### Entries shown
--------------------------------------------------

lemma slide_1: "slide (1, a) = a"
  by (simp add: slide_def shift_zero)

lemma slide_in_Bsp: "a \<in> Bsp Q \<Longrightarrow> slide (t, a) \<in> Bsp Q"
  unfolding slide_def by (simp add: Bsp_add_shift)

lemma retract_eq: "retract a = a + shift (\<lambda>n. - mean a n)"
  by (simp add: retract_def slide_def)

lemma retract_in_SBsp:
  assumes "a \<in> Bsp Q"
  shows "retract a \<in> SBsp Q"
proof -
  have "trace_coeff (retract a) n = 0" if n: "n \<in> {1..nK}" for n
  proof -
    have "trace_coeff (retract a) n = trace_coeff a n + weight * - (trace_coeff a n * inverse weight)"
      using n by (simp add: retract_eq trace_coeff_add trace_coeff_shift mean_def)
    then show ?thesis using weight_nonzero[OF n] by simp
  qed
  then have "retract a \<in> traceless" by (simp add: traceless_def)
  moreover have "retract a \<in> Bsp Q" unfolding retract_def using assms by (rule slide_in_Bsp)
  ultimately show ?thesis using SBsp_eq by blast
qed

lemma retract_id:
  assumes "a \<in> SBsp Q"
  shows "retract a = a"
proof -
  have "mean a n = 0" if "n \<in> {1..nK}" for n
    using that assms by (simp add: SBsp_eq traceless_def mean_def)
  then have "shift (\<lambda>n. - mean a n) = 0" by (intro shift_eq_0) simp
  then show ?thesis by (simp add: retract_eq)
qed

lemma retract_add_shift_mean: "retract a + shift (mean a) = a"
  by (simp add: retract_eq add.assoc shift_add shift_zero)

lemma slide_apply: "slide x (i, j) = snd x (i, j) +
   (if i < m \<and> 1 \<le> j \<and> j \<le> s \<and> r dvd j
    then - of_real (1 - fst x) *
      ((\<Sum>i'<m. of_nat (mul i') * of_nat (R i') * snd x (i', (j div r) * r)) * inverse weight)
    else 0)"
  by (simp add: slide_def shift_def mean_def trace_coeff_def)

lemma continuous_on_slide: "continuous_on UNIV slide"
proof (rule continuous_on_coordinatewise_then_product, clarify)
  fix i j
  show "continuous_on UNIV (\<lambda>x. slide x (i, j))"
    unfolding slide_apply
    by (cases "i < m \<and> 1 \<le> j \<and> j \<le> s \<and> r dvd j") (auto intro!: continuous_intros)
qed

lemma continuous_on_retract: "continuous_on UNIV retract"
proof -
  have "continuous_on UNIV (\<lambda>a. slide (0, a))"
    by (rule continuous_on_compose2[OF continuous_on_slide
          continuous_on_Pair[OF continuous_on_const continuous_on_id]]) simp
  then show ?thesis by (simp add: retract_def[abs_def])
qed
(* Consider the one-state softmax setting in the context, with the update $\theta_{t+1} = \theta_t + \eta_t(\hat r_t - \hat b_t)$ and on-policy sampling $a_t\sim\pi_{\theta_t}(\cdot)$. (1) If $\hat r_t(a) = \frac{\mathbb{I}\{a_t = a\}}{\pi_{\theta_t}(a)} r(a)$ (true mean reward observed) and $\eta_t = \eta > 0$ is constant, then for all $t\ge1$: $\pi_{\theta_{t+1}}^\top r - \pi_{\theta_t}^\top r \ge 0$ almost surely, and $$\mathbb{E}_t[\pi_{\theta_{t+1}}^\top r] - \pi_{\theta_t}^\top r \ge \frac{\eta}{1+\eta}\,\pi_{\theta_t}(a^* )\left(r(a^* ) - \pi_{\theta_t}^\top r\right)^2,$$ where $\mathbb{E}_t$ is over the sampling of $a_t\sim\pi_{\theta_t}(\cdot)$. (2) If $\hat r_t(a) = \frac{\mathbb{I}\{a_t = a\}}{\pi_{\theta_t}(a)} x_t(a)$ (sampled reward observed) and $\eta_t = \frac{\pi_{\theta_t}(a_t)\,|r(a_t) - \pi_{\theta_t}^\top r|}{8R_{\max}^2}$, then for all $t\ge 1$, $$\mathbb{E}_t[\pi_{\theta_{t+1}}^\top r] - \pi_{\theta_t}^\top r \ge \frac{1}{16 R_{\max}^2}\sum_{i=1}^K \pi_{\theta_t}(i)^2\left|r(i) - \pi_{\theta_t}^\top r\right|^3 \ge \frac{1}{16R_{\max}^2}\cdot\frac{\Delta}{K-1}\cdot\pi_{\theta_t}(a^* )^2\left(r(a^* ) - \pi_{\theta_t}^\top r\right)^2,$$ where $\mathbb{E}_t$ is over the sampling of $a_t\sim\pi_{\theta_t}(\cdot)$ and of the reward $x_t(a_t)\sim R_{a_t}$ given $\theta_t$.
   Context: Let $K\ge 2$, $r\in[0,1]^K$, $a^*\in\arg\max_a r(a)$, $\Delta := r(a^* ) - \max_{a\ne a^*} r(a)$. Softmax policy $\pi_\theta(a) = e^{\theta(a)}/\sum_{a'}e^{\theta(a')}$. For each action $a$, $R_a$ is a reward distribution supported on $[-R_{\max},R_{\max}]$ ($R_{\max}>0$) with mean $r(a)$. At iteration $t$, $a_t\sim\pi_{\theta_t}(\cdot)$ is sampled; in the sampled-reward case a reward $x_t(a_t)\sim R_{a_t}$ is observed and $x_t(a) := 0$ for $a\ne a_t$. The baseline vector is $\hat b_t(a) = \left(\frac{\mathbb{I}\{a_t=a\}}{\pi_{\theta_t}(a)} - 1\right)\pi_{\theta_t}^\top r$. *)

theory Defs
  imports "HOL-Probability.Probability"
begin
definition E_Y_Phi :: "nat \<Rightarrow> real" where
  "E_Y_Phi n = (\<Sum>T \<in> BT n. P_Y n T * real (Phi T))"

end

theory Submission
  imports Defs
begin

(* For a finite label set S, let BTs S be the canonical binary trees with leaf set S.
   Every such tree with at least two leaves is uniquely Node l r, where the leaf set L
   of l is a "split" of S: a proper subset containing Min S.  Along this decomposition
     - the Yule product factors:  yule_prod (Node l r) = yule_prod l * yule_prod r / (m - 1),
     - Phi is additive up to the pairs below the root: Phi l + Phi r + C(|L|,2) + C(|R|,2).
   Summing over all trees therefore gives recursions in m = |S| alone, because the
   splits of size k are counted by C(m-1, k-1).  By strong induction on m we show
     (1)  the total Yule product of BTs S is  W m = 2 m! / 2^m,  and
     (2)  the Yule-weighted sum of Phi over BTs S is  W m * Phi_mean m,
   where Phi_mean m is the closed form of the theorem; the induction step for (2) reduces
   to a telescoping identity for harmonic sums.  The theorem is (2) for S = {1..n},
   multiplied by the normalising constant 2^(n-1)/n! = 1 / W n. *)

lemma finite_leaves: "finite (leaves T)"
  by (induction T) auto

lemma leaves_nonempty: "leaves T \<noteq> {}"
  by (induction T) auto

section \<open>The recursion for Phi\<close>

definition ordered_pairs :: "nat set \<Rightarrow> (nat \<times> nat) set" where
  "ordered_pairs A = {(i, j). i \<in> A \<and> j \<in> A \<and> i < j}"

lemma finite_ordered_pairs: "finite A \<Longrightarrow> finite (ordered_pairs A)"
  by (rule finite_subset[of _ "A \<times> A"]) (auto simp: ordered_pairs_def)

--------------------------------------------------

### Your goal
Looking back over the data above, restate word for word the lines that begin at the line with "set \<Rightarrow> (nat" and end at the line with "A \<Longrightarrow> finite", inclusive.

### Exercise output
definition ordered_pairs :: "nat set \<Rightarrow> (nat \<times> nat) set" where
  "ordered_pairs A = {(i, j). i \<in> A \<and> j \<in> A \<and> i < j}"

lemma finite_ordered_pairs: "finite A \<Longrightarrow> finite (ordered_pairs A)"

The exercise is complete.